West Foods, Inc. v. Department of Revenue

Decision for plaintiff rendered January 15, 1985. Plaintiff appeals from an order of the Department of *Page 8 Revenue denying plaintiff's claim for a property tax exemption for certain property used in the growing of mushrooms at its plant in Salem. Originally the true cash value of the mushroom plant was also an issue but at trial the parties have agreed upon the value.

1. The tax year involved is 1980-1981 and at that time1 ORS310.608 (now ORS 307.400) provided in pertinent part:

"(2) All inventory shall be exempt from ad valorem taxation.

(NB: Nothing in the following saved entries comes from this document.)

(* Assume $\langle f\rangle_X=0$ and that $\psi$ satisfies (A1) and (A2), and let $e_{\rm mod}$ be the modeling error. Then: (a) there exists a constant $C_{10}$ such that $\|e_{\rm mod}\|_{L^2}\le\frac1{2\sqrt3}|e_{\rm mod}|_{H^1}\le C_{10}H|f|_{H^{-1}}$; (b) if additionally there are constants $C_{\rm coll},C''_{\psi^0}$ with $\bigl|X_{i_k^{\rm coll}}-\frac{X_{i_k}+X_{i_{k+1}-1}}2\bigr|\le\epsilon C_{\rm coll}$ for all $k$ and $\|D^2\psi^0\|_{L^\infty}\le C''_{\psi^0}$, then there exist constants $C_{11},C_{12}$ such that $\|e_{\rm mod}\|_{L^2}\le\frac1{2\sqrt3}|e_{\rm mod}|_{H^1}\le(C_{11}H^2+C_{12}\epsilon)|f|_{H^{-1}}$; (c) if $\psi(X_i,Y_j)$ does not depend on $X_i$, then $e_{\rm mod}=0$. Here the constants depend only on $c_\psi,C_\psi,C'_\psi,C_{\rm coll},C''_{\psi^0}$ and $p$, and are independent of $\epsilon$, $H$ and $f$.
   Context: Let $\epsilon>0$, $N,p$ positive integers with normalization $N\epsilon=1$; $X_i=\epsilon i$, $Y_j=j$. $U^N_{\rm per}(\epsilon\mathbb Z)$: functions $u:\epsilon\mathbb Z\to\mathbb R$ with $u(X_{i+N})=u(X_i)$; $U^N_\#(\epsilon\mathbb Z)$: those with $\langle u\rangle_X:=\frac1N\sum_{i=1}^Nu(X_i)=0$. $\langle u,v\rangle_X=\frac1N\sum_{i=1}^Nu(X_i)v(X_i)$, $Du(X_i)=(u(X_{i+1})-u(X_i))/\epsilon$, $\|u\|_{L^2}=\langle u,u\rangle_X^{1/2}$, $\|u\|_{L^\infty}=\max_{1\le i\le N}|u(X_i)|$, $|u|_{H^1}=\|Du\|_{L^2}$, $|u|_{H^{-1}}=\sup\{\langle u,w\rangle_X/|w|_{H^1}:0\ne w\in U^N_\#(\epsilon\mathbb Z)\}$. $U^p_\#(\epsilon\mathbb Z)$: $p$-periodic functions on $\epsilon\mathbb Z$ with $\sum_{i=1}^p w(X_i)=0$. Two-scale functions $g:\epsilon\mathbb Z\times\mathbb Z\to\mathbb R$ satisfy $g(X_{i+N},Y_j)=g(X_i,Y_j)=g(X_i,Y_{j+p})$; $D_Xg(X_i,Y_j)=(g(X_{i+1},Y_j)-g(X_i,Y_j))/\epsilon$, $\langle g\rangle_Y(X_i)=\frac1p\sum_{j=1}^pg(X_i,Y_j)$, $\|g\|_{L^\infty(N,p)}=\max_{1\le i\le N,1\le j\le p}|g|$. $\psi$ is a two-scale function with (A1) $0<c_\psi\le\psi\le C_\psi$ and (A2) $\|D_X\psi\|_{L^\infty(N,p)}\le C'_\psi$. $\psi^0(X_i)=\langle1/\psi(X_i,\cdot)\rangle_Y^{-1}$. $f\in U^N_{\rm per}(\epsilon\mathbb Z)$. HQC method: fix indices $1=i_1<\dots<i_K\le N$, $i_{K+1}=N+1$, elements $S_k=\{X_i:i_k\le i<i_{k+1}\}$, $H_k=\epsilon(i_{k+1}-i_k)$, $H=\max_kH_k$. $U^H_{\rm per}$: $v\in U^N_{\rm per}(\epsilon\mathbb Z)$ affine on each $\{X_i:i_k\le i\le i_{k+1}\}$; $U^H_\#=U^H_{\rm per}\cap U^N_\#(\epsilon\mathbb Z)$. In each $S_k$ choose a sampling domain $S_k^{\rm rep}=\{X_i:i_k^{\rm rep}\le i<i_k^{\rm rep}+p\}\subset S_k$ and a collocation index with $X_{i_k^{\rm coll}}\in S_k^{\rm rep}$; $\psi^\epsilon_{{\rm coll},k}(X_i)=\psi(X_{i_k^{\rm coll}},X_i/\epsilon)$, $\langle a,b\rangle_{S_k^{\rm rep}}=\frac1p\sum_{X_i\in S_k^{\rm rep}}a(X_i)b(X_i)$. For $v^H\in U^H_{\rm per}$ let $\ell_k$ be the affine function on $\epsilon\mathbb Z$ equal to $v^H$ on $S_k$; $\mathcal R_k(v^H)=\ell_k+w$ with $w\in U^p_\#(\epsilon\mathbb Z)$ such that $\langle\psi^\epsilon_{{\rm coll},k}D(\ell_k+w),Ds\rangle_{S_k^{\rm rep}}=0$ for all $s\in U^p_\#(\epsilon\mathbb Z)$. HQC problem: $u^H\in U^H_\#$ with $\sum_{k=1}^KH_k\langle\psi^\epsilon_{{\rm coll},k}D\mathcal R_k(u^H),D\mathcal R_k(v^H)\rangle_{S_k^{\rm rep}}=\langle f,v^H\rangle_X$ for all $v^H\in U^H_\#$. Modeling error: $e_{\rm mod}=u^H-\tilde u^H$, where $\tilde u^H\in U^H_\#$ solves $\langle\psi^0D\tilde u^H,Dv^H\rangle_X=\langle f,v^H\rangle_X$ for all $v^H\in U^H_\#$. *)

theory Defs
  imports Complex_Main
begin

text \<open>Grid functions on eps*Z are represented by their values at the
 grid indices: u :: int => real with u i = u(X_i), X_i = eps*i, eps = 1/N.
 Two-scale functions g :: int => int => real with g i j = g(X_i, Y_j).\<close>

definition eps :: "nat \<Rightarrow> real" where
  "eps N = 1 / real N"

definition per :: "nat \<Rightarrow> (int \<Rightarrow> real) \<Rightarrow> bool" where
  "per N u \<longleftrightarrow> (\<forall>i. u (i + int N) = u i)"

definition avgX :: "nat \<Rightarrow> (int \<Rightarrow> real) \<Rightarrow> real" where
  "avgX N u = (1 / real N) * (\<Sum>i\<in>{1..int N}. u i)"

definition ipX :: "nat \<Rightarrow> (int \<Rightarrow> real) \<Rightarrow> (int \<Rightarrow> real) \<Rightarrow> real" where
  "ipX N u v = (1 / real N) * (\<Sum>i\<in>{1..int N}. u i * v i)"

definition Dd :: "nat \<Rightarrow> (int \<Rightarrow> real) \<Rightarrow> int \<Rightarrow> real" where
  "Dd N u = (\<lambda>i. (u (i + 1) - u i) / eps N)"

definition L2 :: "nat \<Rightarrow> (int \<Rightarrow> real) \<Rightarrow> real" where
  "L2 N u = sqrt (ipX N u u)"

definition Linf :: "nat \<Rightarrow> (int \<Rightarrow> real) \<Rightarrow> real" where
  "Linf N u = Max ((\<lambda>i. \<bar>u i\<bar>) ` {1..int N})"

definition H1 :: "nat \<Rightarrow> (int \<Rightarrow> real) \<Rightarrow> real" where
  "H1 N u = L2 N (Dd N u)"

definition Uzero :: "nat \<Rightarrow> (int \<Rightarrow> real) set" where
  "Uzero N = {u. per N u \<and> avgX N u = 0}"

text \<open>H^{-1} seminorm. The value 0 is inserted so that the supremum is
 well defined also when U^N_# = {0} (N = 1); for N >= 2 the set is symmetric
 under w -> -w, so this does not change the supremum.\<close>
definition Hm1 :: "nat \<Rightarrow> (int \<Rightarrow> real) \<Rightarrow> real" where
  "Hm1 N u = Sup (insert 0 {ipX N u w / H1 N w | w. w \<in> Uzero N \<and> w \<noteq> (\<lambda>_. 0)})"

definition twoscale :: "nat \<Rightarrow> nat \<Rightarrow> (int \<Rightarrow> int \<Rightarrow> real) \<Rightarrow> bool" where
  "twoscale N p g \<longleftrightarrow> (\<forall>i j. g (i + int N) j = g i j \<and> g i (j + int p) = g i j)"

definition DX :: "nat \<Rightarrow> (int \<Rightarrow> int \<Rightarrow> real) \<Rightarrow> int \<Rightarrow> int \<Rightarrow> real" where
  "DX N g = (\<lambda>i j. (g (i + 1) j - g i j) / eps N)"

definition avgY :: "nat \<Rightarrow> (int \<Rightarrow> int \<Rightarrow> real) \<Rightarrow> int \<Rightarrow> real" where
  "avgY p g i = (1 / real p) * (\<Sum>j\<in>{1..int p}. g i j)"

definition psi0 :: "nat \<Rightarrow> (int \<Rightarrow> int \<Rightarrow> real) \<Rightarrow> int \<Rightarrow> real" where
  "psi0 p psi = (\<lambda>i. 1 / avgY p (\<lambda>i j. 1 / psi i j) i)"

definition A1 :: "nat \<Rightarrow> nat \<Rightarrow> (int \<Rightarrow> int \<Rightarrow> real) \<Rightarrow> real \<Rightarrow> real \<Rightarrow> bool" where
  "A1 N p psi c C \<longleftrightarrow> 0 < c \<and> (\<forall>i\<in>{1..int N}. \<forall>j\<in>{1..int p}. c \<le> psi i j \<and> psi i j \<le> C)"

definition A2 :: "nat \<Rightarrow> nat \<Rightarrow> (int \<Rightarrow> int \<Rightarrow> real) \<Rightarrow> real \<Rightarrow> bool" where
  "A2 N p psi C' \<longleftrightarrow> (\<forall>i\<in>{1..int N}. \<forall>j\<in>{1..int p}. \<bar>DX N psi i j\<bar> \<le> C')"

definition mesh :: "nat \<Rightarrow> nat \<Rightarrow> (nat \<Rightarrow> int) \<Rightarrow> bool" where
  "mesh N K idx \<longleftrightarrow> 1 \<le> K \<and> idx 1 = 1 \<and> (\<forall>k\<in>{1..<K}. idx k < idx (Suc k))
     \<and> idx K \<le> int N \<and> idx (Suc K) = int N + 1"

definition Hk :: "nat \<Rightarrow> (nat \<Rightarrow> int) \<Rightarrow> nat \<Rightarrow> real" where
  "Hk N idx k = eps N * real_of_int (idx (Suc k) - idx k)"

definition Hmax :: "nat \<Rightarrow> nat \<Rightarrow> (nat \<Rightarrow> int) \<Rightarrow> real" where
  "Hmax N K idx = Max (Hk N idx ` {1..K})"

definition affine_on :: "(int \<Rightarrow> real) \<Rightarrow> int set \<Rightarrow> bool" where
  "affine_on v A \<longleftrightarrow> (\<exists>a b. \<forall>i\<in>A. v i = a + b * real_of_int i)"

definition UHper :: "nat \<Rightarrow> nat \<Rightarrow> (nat \<Rightarrow> int) \<Rightarrow> (int \<Rightarrow> real) set" where
  "UHper N K idx = {v. per N v \<and> (\<forall>k\<in>{1..K}. affine_on v {idx k..idx (Suc k)})}"

definition UHzero :: "nat \<Rightarrow> nat \<Rightarrow> (nat \<Rightarrow> int) \<Rightarrow> (int \<Rightarrow> real) set" where
  "UHzero N K idx = UHper N K idx \<inter> Uzero N"

definition Upzero :: "nat \<Rightarrow> (int \<Rightarrow> real) set" where
  "Upzero p = {w. per p w \<and> (\<Sum>i\<in>{1..int p}. w i) = 0}"

text \<open>Sampling domains S_k^rep = {rep k ..< rep k + p} within S_k and collocation
 indices coll k in S_k^rep.\<close>
definition sampling :: "nat \<Rightarrow> nat \<Rightarrow> (nat \<Rightarrow> int) \<Rightarrow> (nat \<Rightarrow> int) \<Rightarrow> (nat \<Rightarrow> int) \<Rightarrow> bool" where
  "sampling p K idx rep coll \<longleftrightarrow> (\<forall>k\<in>{1..K}. idx k \<le> rep k \<and> rep k + int p \<le> idx (Suc k)
      \<and> rep k \<le> coll k \<and> coll k < rep k + int p)"

definition ipRep :: "nat \<Rightarrow> int \<Rightarrow> (int \<Rightarrow> real) \<Rightarrow> (int \<Rightarrow> real) \<Rightarrow> real" where
  "ipRep p r a b = (1 / real p) * (\<Sum>i\<in>{r..<r + int p}. a i * b i)"

text \<open>psi^eps_{coll,k}(X_i) = psi(X_{coll k}, X_i/eps) = psi(X_{coll k}, Y_i).\<close>
definition psicoll :: "(int \<Rightarrow> int \<Rightarrow> real) \<Rightarrow> int \<Rightarrow> int \<Rightarrow> real" where
  "psicoll psi c = (\<lambda>i. psi c i)"

text \<open>r is the reconstruction R_k(v): r = l + w with l affine on all of eps*Z,
 agreeing with v on the element, and w in U^p_# solving the cell problem.\<close>
definition cell_ok :: "nat \<Rightarrow> nat \<Rightarrow> (int \<Rightarrow> int \<Rightarrow> real) \<Rightarrow> (nat \<Rightarrow> int) \<Rightarrow> (nat \<Rightarrow> int)
    \<Rightarrow> (nat \<Rightarrow> int) \<Rightarrow> nat \<Rightarrow> (int \<Rightarrow> real) \<Rightarrow> (int \<Rightarrow> real) \<Rightarrow> bool" where
  "cell_ok N p psi idx rep coll k v r \<longleftrightarrow>
     (\<exists>l w. affine_on l UNIV \<and> (\<forall>i\<in>{idx k..idx (Suc k)}. l i = v i) \<and> w \<in> Upzero p
        \<and> r = (\<lambda>i. l i + w i)
        \<and> (\<forall>s\<in>Upzero p. ipRep p (rep k) (\<lambda>i. psicoll psi (coll k) i * Dd N r i) (Dd N s) = 0))"

definition Rk :: "nat \<Rightarrow> nat \<Rightarrow> (int \<Rightarrow> int \<Rightarrow> real) \<Rightarrow> (nat \<Rightarrow> int) \<Rightarrow> (nat \<Rightarrow> int)
    \<Rightarrow> (nat \<Rightarrow> int) \<Rightarrow> nat \<Rightarrow> (int \<Rightarrow> real) \<Rightarrow> (int \<Rightarrow> real)" where
  "Rk N p psi idx rep coll k v = (THE r. cell_ok N p psi idx rep coll k v r)"

definition HQC_sol :: "nat \<Rightarrow> nat \<Rightarrow> (int \<Rightarrow> int \<Rightarrow> real) \<Rightarrow> (int \<Rightarrow> real) \<Rightarrow> nat \<Rightarrow> (nat \<Rightarrow> int)
    \<Rightarrow> (nat \<Rightarrow> int) \<Rightarrow> (nat \<Rightarrow> int) \<Rightarrow> (int \<Rightarrow> real) \<Rightarrow> bool" where
  "HQC_sol N p psi f K idx rep coll u \<longleftrightarrow> u \<in> UHzero N K idx \<and>
     (\<forall>v\<in>UHzero N K idx.
        (\<Sum>k=1..K. Hk N idx k * ipRep p (rep k)
            (\<lambda>i. psicoll psi (coll k) i * Dd N (Rk N p psi idx rep coll k u) i)
            (Dd N (Rk N p psi idx rep coll k v))) = ipX N f v)"

definition hom_sol :: "nat \<Rightarrow> nat \<Rightarrow> (int \<Rightarrow> int \<Rightarrow> real) \<Rightarrow> (int \<Rightarrow> real) \<Rightarrow> nat \<Rightarrow> (nat \<Rightarrow> int)
    \<Rightarrow> (int \<Rightarrow> real) \<Rightarrow> bool" where
  "hom_sol N p psi f K idx u \<longleftrightarrow> u \<in> UHzero N K idx \<and>
     (\<forall>v\<in>UHzero N K idx. ipX N (\<lambda>i. psi0 p psi i * Dd N u i) (Dd N v) = ipX N f v)"

definition standing :: "nat \<Rightarrow> nat \<Rightarrow> (int \<Rightarrow> int \<Rightarrow> real) \<Rightarrow> real \<Rightarrow> real \<Rightarrow> real
    \<Rightarrow> (int \<Rightarrow> real) \<Rightarrow> nat \<Rightarrow> (nat \<Rightarrow> int) \<Rightarrow> (nat \<Rightarrow> int) \<Rightarrow> (nat \<Rightarrow> int) \<Rightarrow> bool" where
  "standing N p psi c C C' f K idx rep coll \<longleftrightarrow>
     1 \<le> N \<and> 1 \<le> p \<and> twoscale N p psi \<and> A1 N p psi c C \<and> A2 N p psi C'
     \<and> per N f \<and> avgX N f = 0 \<and> mesh N K idx \<and> sampling p K idx rep coll"

end

theory Submission
  imports Defs "HOL-Analysis.Convex"
begin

"(3) As used in subsection (2) of this section, 'inventory' means the following tangible personal property:

"(a) Farm machinery and equipment used in the planting, raising, cultivating or harvesting of farm crops or used for the purpose of feeding, breeding, management and sale of, or the produce of, livestock, poultry, fur-bearing animals or bees or for dairying and the sale of dairy products or any other agricultural or horticultural use or animal husbandry or any combination thereof."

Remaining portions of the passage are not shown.